According to a press release dated February 20, 2009, a class action has been commenced on behalf of purchasers of Stanford International Bank Ltd. (“SIB”) certificates of deposit (“CDs”) or shares in SIB’s Stanford Allocation Strategy proprietary mutual fund wrap program (“SAS”).
Specifically, the complaint charges SIB, its affiliated investment advisors and certain of its officers and directors with violations of the Securities Exchange Act of 1934. SIB is a private international bank domiciled in St. John’s, Antigua, West Indies.
The complaint alleges that during the Class Period, SIB and its affiliated investment advisors, Stanford Group Company (“SGC”) and Stanford Capital
Management, LLC (“SCM”), fraudulently peddled CDs that promised rates of return far above those available from other banks. Defendants claimed that these superior returns were possible because SIB invested its deposits rather than loaning them. To ensure that depositors could redeem their CDs, defendants assured them that SIB’s investments were liquid and diversified. In fact, nearly 80% of SIB’s investments were concentrated in just two high-risk, illiquid categories: private equity and real estate. Now that the real estate and private equity markets are in free fall, many of those who purchased SIB’s CDs have recently been informed that they cannot redeem them.
The complaint also alleges that defendants misled investors in SIB’s SAS program. Specifically, defendants picked a handful of mutual funds that had performed extremely well in 1999-2004 and claimed the returns of those high-performing funds as the historical returns of the SAS program. Defendants also inflated the claimed returns of the SAS program in 2006 and 2007. Investors, misled by defendants’ claims of historic returns, have fared very poorly in the SAS program.

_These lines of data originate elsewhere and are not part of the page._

lemma glue_map_veronese_eq_iff:
  assumes p: "p \<in> Delta42" "p' \<in> Delta42" and s: "s \<noteq> 0" "s' \<noteq> 0"
  shows "glue_map p (veronese (sgn s)) = glue_map p' (veronese (sgn s')) \<longleftrightarrow>
    (p, proj_class s) = (p', proj_class s') \<or> p = p' \<and> p \<in> rel_frontier Delta42"
proof
  assume eq: "glue_map p (veronese (sgn s)) = glue_map p' (veronese (sgn s'))"
  then have "p = p'"
    using p Delta42_coords(1) by (metis glue_map_def snd_conv)
  show "(p, proj_class s) = (p', proj_class s') \<or> p = p' \<and> p \<in> rel_frontier Delta42"
  proof (cases "l1_norm (delta_coords p) = 1")
    case True
    then show ?thesis using p \<open>p = p'\<close> Delta42_coords(3) by auto
  next
    case False
    then have "veronese (sgn s) = veronese (sgn s')"
      using eq \<open>p = p'\<close> by (simp add: glue_map_def)
    then have "proj_class s = proj_class s'"
      using s veronese_sgn_eq_imp_scale proj_class_eq_iff by metis
    then show ?thesis using \<open>p = p'\<close> by simp
  qed
next
  assume "(p, proj_class s) = (p', proj_class s') \<or> p = p' \<and> p \<in> rel_frontier Delta42"
  then show "glue_map p (veronese (sgn s)) = glue_map p' (veronese (sgn s'))"
  proof
    assume "(p, proj_class s) = (p', proj_class s')"
    then have "p = p'" and "proj_class s = proj_class s'" by simp_all
    then obtain c where "c \<noteq> 0" "s' = c *\<^sub>R s"
      using s proj_class_eq_iff[of s s'] by auto
    then show ?thesis using \<open>p = p'\<close> by (simp add: veronese_sgn_scale)
  next
    assume "p = p' \<and> p \<in> rel_frontier Delta42"
    then have "p = p'" "l1_norm (delta_coords p) = 1" using p Delta42_coords(3) by auto
    then show ?thesis by (simp add: glue_map_def)
  qed
qed

lemma glued_space_homeomorphic:
  "glued_space homeomorphic_space
     top_of_set ((\<lambda>(p, s). glue_map p (veronese (sgn s))) ` (Delta42 \<times> (UNIV - {0})))"
proof -
  have "continuous_on (UNIV - {0}) (\<lambda>s :: real^3. veronese (sgn s))"
    by (intro continuous_intros) auto
  then obtain V where V: "continuous_map RP2 euclidean V"
    and V_class: "\<And>s. s \<noteq> 0 \<Longrightarrow> V (proj_class s) = veronese (sgn s)"
    using proj_space_lift veronese_sgn_scale by blast
  define X where "X = prod_topology (top_of_set Delta42) RP2"
  define \<Phi> where "\<Phi> = (\<lambda>z. glue_map (fst z) (V (snd z)))"
  have tX: "topspace X = Delta42 \<times> proj_class ` (UNIV - {0})"
    by (simp add: X_def topspace_proj_space)
  have fst: "continuous_map X euclidean fst"
    using continuous_map_fst[of "top_of_set Delta42" RP2] by (simp add: X_def continuous_map_in_subtopology)
  have snd: "continuous_map X euclidean (\<lambda>z. V (snd z))"
    using continuous_map_compose[OF continuous_map_snd V] by (simp add: X_def o_def)
  have pair: "continuous_map X euclidean (\<lambda>z. (fst z, V (snd z)))"
    using continuous_map_pairedI[OF fst snd] by simp
  have glue: "continuous_map euclidean euclidean (\<lambda>z. glue_map (fst z) (snd z))"
    using continuous_on_glue_map by simp
  have \<Phi>: "continuous_map X euclidean \<Phi>"
    using continuous_map_compose[OF pair glue] by (simp add: \<Phi>_def o_def)
  have "compact_space X"
    unfolding X_def compact_space_prod_topology
    by (simp add: compact_Delta42 compact_space_proj_space compact_space_subtopology)
  then have "glued_space homeomorphic_space subtopology euclidean (\<Phi> ` topspace X)"
    unfolding glued_space_def X_def[symmetric]
  proof (rule quotient_space_homeomorphic_image[OF \<Phi> _ Hausdorff_space_euclidean])
    fix z z' assume "z \<in> topspace X" "z' \<in> topspace X"
    then obtain p s p' s' where z: "z = (p, proj_class s)" "z' = (p', proj_class s')"
      "p \<in> Delta42" "p' \<in> Delta42" "s \<noteq> 0" "s' \<noteq> 0"
      unfolding tX by auto
    then show "(z = z' \<or> fst z = fst z' \<and> fst z \<in> rel_frontier Delta42) \<longleftrightarrow> \<Phi> z = \<Phi> z'"
      using glue_map_veronese_eq_iff[of p p' s s'] by (simp add: \<Phi>_def V_class)
  qed
  moreover have "\<Phi> ` topspace X = (\<lambda>(p, s). glue_map p (veronese (sgn s))) ` (Delta42 \<times> (UNIV - {0}))"
    unfolding tX \<Phi>_def by (force simp: V_class)
  ultimately show ?thesis by simp
qed

lemma orbit_invariant_image:
  "orbit_invariant ` (UNIV - {0}) = (\<lambda>(p, s). glue_map p (veronese (sgn s))) ` (Delta42 \<times> (UNIV - {0}))"
proof (intro subset_antisym image_subsetI)
  fix x :: "real^6" assume "x \<in> UNIV - {0}"
  then have w: "orbit_weight x > 0" by (simp add: orbit_weight_pos)
  define D where "D = (1 / orbit_weight x) *\<^sub>R pair_differences x"
  define P where "P = pair_products x"
  define s where "s = (if P = 0 then axis 1 1 else P)"
  have margin: "1 - l1_norm D = norm P / orbit_weight x"
    using w by (simp add: D_def P_def l1_norm_scale orbit_weight_def field_simps)
  then have "(1 - l1_norm D) *\<^sub>R sgn s = (1 / orbit_weight x) *\<^sub>R P"
    by (simp add: s_def sgn_div_norm)
  moreover have "norm P / orbit_weight x \<ge> 0" using w by simp
  then have "l1_norm D \<le> 1" using margin by linarith
  ultimately have "orbit_invariant x = glue_map (delta_point D) (veronese (sgn s))"
    by (simp add: orbit_invariant_def glue_map_def veronese_scale[symmetric]
        D_def[symmetric] P_def[symmetric])
  moreover have "(delta_point D, s) \<in> Delta42 \<times> (UNIV - {0})"
    using \<open>l1_norm D \<le> 1\<close> by (simp add: delta_point_in_Delta42 s_def)
  ultimately show "orbit_invariant x \<in> (\<lambda>(p, s). glue_map p (veronese (sgn s))) ` (Delta42 \<times> (UNIV - {0}))"
    by force
next
  fix z assume "z \<in> Delta42 \<times> (UNIV - {0 :: real^3})"
  then obtain p s where z: "z = (p, s)" "p \<in> Delta42" "s \<noteq> 0" by auto
  define D where "D = delta_coords p"
  have D: "l1_norm D \<le> 1" using Delta42_coords(2)[OF z(2)] by (simp add: D_def)
  obtain x where x: "pair_products x = (1 - l1_norm D) *\<^sub>R sgn s" "pair_differences x = D"
    using pair_products_differences_surj by blast
  have w: "orbit_weight x = 1"
    using D z by (simp add: orbit_weight_def x norm_sgn)
  then have "x \<noteq> 0" using orbit_weight_scale[of 0 x] by auto
  moreover have "orbit_invariant x = glue_map p (veronese (sgn s))"
    by (simp add: orbit_invariant_def glue_map_def veronese_scale w x D_def)
  ultimately
  show "(\<lambda>(p, s). glue_map p (veronese (sgn s))) z \<in> orbit_invariant ` (UNIV - {0})"
    using z by force
qed

theorem mainTheorem17:
  shows "RP5_orbit_space homeomorphic_space glued_space"
proof -
  have "glued_space homeomorphic_space top_of_set (orbit_invariant ` (UNIV - {0}))"
    using glued_space_homeomorphic orbit_invariant_image by simp
  then show ?thesis
    using RP5_orbit_space_homeomorphic homeomorphic_space_sym homeomorphic_space_trans by blast
qed

end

In addition, according to the complaint, when investors became concerned that SIB might have invested in Bernard Madoff’s $50 billion Ponzi scheme, SIB sent them each a letter unequivocally stating that “Stanford International Bank did not have any exposure to the Madoff Fund.” Just two days before this letter was sent, an SIB analyst informed all three of the individual defendants, including R. Allen Stanford (“Stanford”), that SIB had invested in Meridian, a New York-based hedge fund that used Tremont Partners as its asset manager. Tremont, in turn, had invested a portion of Meridian’s – and SIB’s – money with Madoff.
On February 16, 2009, the SEC filed a complaint against SIB, SGC, and SCM, as well as against defendants Stanford, James M. Davis and Laura Pendergest-Holt, accusing them of participating in a “massive, ongoing fraud.” According to press reports, the FBI has also begun an investigation. Since then, there has been a “run” on SIB, with investors flying to Antigua from all over the world to try to recover their money. In the meantime, authorities were forced to conduct a manhunt for defendant Stanford before he was finally tracked down in Virginia.
On March 9, 2009, the defendants filed a motion to abate. On March 10, 2009, Judge Keith P. Ellison granted the motion to abate. According to the Order, the commencement and continuation of this case is abated until Plaintiffs are granted leave to proceed in this Court by the Honorable David Godbey of the Northern District of Texas.
On September 1, 2009, the plaintiff filed a notice of dismissal. According to the notice, pursuant to Rule 41(a)(1) of the Federal Rules of Civil Procedure, hereby voluntarily dismisses this action without prejudice. On September 17, 2009, the Order of Dismissal was signed by Judge Keith P. Ellison.
The case is continuing in a related action filed in the Southern District of Texas, titled James O. Kyle, et al. v. Stanford International Bank, Ltd., et al., case number 09-CV-00525. On November 10, 2009, this case was included in MDL Docket No. 2099, In Re: Stanford Entities Securities Litigation, in the Northern District of Texas. On November 13, 2009, the case was transferred to the U.S. District Court for the Northern District of Texas.